**WORK TO BE COMPLETED**
Below are entries; count each line that holds the word "definition" and report the number without any other words.

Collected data
▽

(* $\mathsf{Clique}\in\mathsf{dMAM}[O(1)]$, where, for a parameter $K$ known to all nodes, $\mathsf{Clique}$ is the language of $n$-node communication graphs $G$ that contain a clique of size $K$.
   Context: Distributed interactive proofs (model). An instance consists of a connected communication graph $G=(V,E)$ with $|V|=n$, where each node has a unique identifier of $O(\log n)$ bits, knows $n$, knows its own identifier, its local input (if the problem has local inputs), and the identifiers of its neighbours (with an arbitrary port numbering of its incident edges). A prover, who sees the whole instance, interacts with all nodes in $r$ alternating messages. In a verifier (node) message each node independently samples fresh uniformly random bits and sends them to the prover (public coins). In a prover message the prover sends each node a string. Nodes may additionally exchange the strings they received from the prover with their neighbours in $G$. At the end each node deterministically accepts or rejects as a function of its local information, its own random bits, the strings it received from the prover and those its neighbours received; the instance is accepted iff all nodes accept. The proof size is the maximum number of bits in any single message between the prover and any node. A language $\mathcal L$ (set of instances) is in $\mathsf{dIP}[r,\ell]$ if there is an $r$-message protocol of proof size $\ell=\ell(n)$ such that (completeness) for every instance in $\mathcal L$ some prover makes all nodes accept with probability $>2/3$, and (soundness) for every instance not in $\mathcal L$ and every prover, all nodes accept with probability $<1/3$ (probabilities over the nodes' coins). $\mathsf{dAM}[\ell]$, $\mathsf{dMAM}[\ell]$, $\mathsf{dAMAM}[\ell]$, $\mathsf{dMAMAM}[\ell]$ denote the cases of 2, 3, 4, 5 messages, where the letters indicate who sends each message in order (A = nodes send random coins, M = prover). *)

theory Defs
  imports Complex_Main "HOL-Library.FuncSet"
begin

text \<open>Instances: a communication graph with vertex set V (vertices are their own unique
  natural-number identifiers) and a symmetric irreflexive edge relation E on V; connected.\<close>

definition graph_inst :: "nat set \<Rightarrow> (nat \<Rightarrow> nat \<Rightarrow> bool) \<Rightarrow> bool" where
  "graph_inst V E \<longleftrightarrow> finite V \<and> V \<noteq> {}
     \<and> (\<forall>x y. E x y \<longrightarrow> x \<in> V \<and> y \<in> V)
     \<and> (\<forall>x y. E x y \<longrightarrow> E y x) \<and> (\<forall>x. \<not> E x x)
     \<and> (\<forall>x\<in>V. \<forall>y\<in>V. E\<^sup>*\<^sup>* x y)"

text \<open>A node decision function receives: n, its own identifier, the identifiers of its
  neighbours, its own random bits, the two prover strings it received, and the pair of
  prover strings received by each neighbour (None for non-neighbours).\<close>

type_synonym decider =
  "nat \<Rightarrow> nat \<Rightarrow> nat set \<Rightarrow> bool list \<Rightarrow> bool list \<Rightarrow> bool list
     \<Rightarrow> (nat \<Rightarrow> (bool list \<times> bool list) option) \<Rightarrow> bool"

definition nbr_msgs ::
  "(nat \<Rightarrow> nat \<Rightarrow> bool) \<Rightarrow> nat \<Rightarrow> (nat \<Rightarrow> bool list) \<Rightarrow> (nat \<Rightarrow> bool list)
     \<Rightarrow> nat \<Rightarrow> (bool list \<times> bool list) option" where
  "nbr_msgs E v m1 m2 = (\<lambda>u. if E v u then Some (m1 u, m2 u) else None)"

definition all_accept ::
  "decider \<Rightarrow> nat set \<Rightarrow> (nat \<Rightarrow> nat \<Rightarrow> bool) \<Rightarrow> (nat \<Rightarrow> bool list)
     \<Rightarrow> (nat \<Rightarrow> bool list) \<Rightarrow> (nat \<Rightarrow> bool list) \<Rightarrow> bool" where
  "all_accept D V E \<rho> m1 m2 \<longleftrightarrow>
     (\<forall>v\<in>V. D (card V) v {u. E v u} (\<rho> v) (m1 v) (m2 v) (nbr_msgs E v m1 m2))"

definition coins :: "nat set \<Rightarrow> nat \<Rightarrow> (nat \<Rightarrow> bool list) set" where
  "coins V r = (\<Pi>\<^sub>E v\<in>V. {xs. length xs = r})"

text \<open>Acceptance probability of a 3-message (M A M) interaction: first prover message m1,
  then each node sends r coins, then the prover answers with m2 (depending on all coins).\<close>

definition acc_prob ::
  "decider \<Rightarrow> nat \<Rightarrow> nat set \<Rightarrow> (nat \<Rightarrow> nat \<Rightarrow> bool) \<Rightarrow> (nat \<Rightarrow> bool list)
     \<Rightarrow> ((nat \<Rightarrow> bool list) \<Rightarrow> nat \<Rightarrow> bool list) \<Rightarrow> real" where
  "acc_prob D r V E m1 m2 =
     real (card {\<rho> \<in> coins V r. all_accept D V E \<rho> m1 (m2 \<rho>)}) / real (card (coins V r))"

△

**RESULT BELOW**
5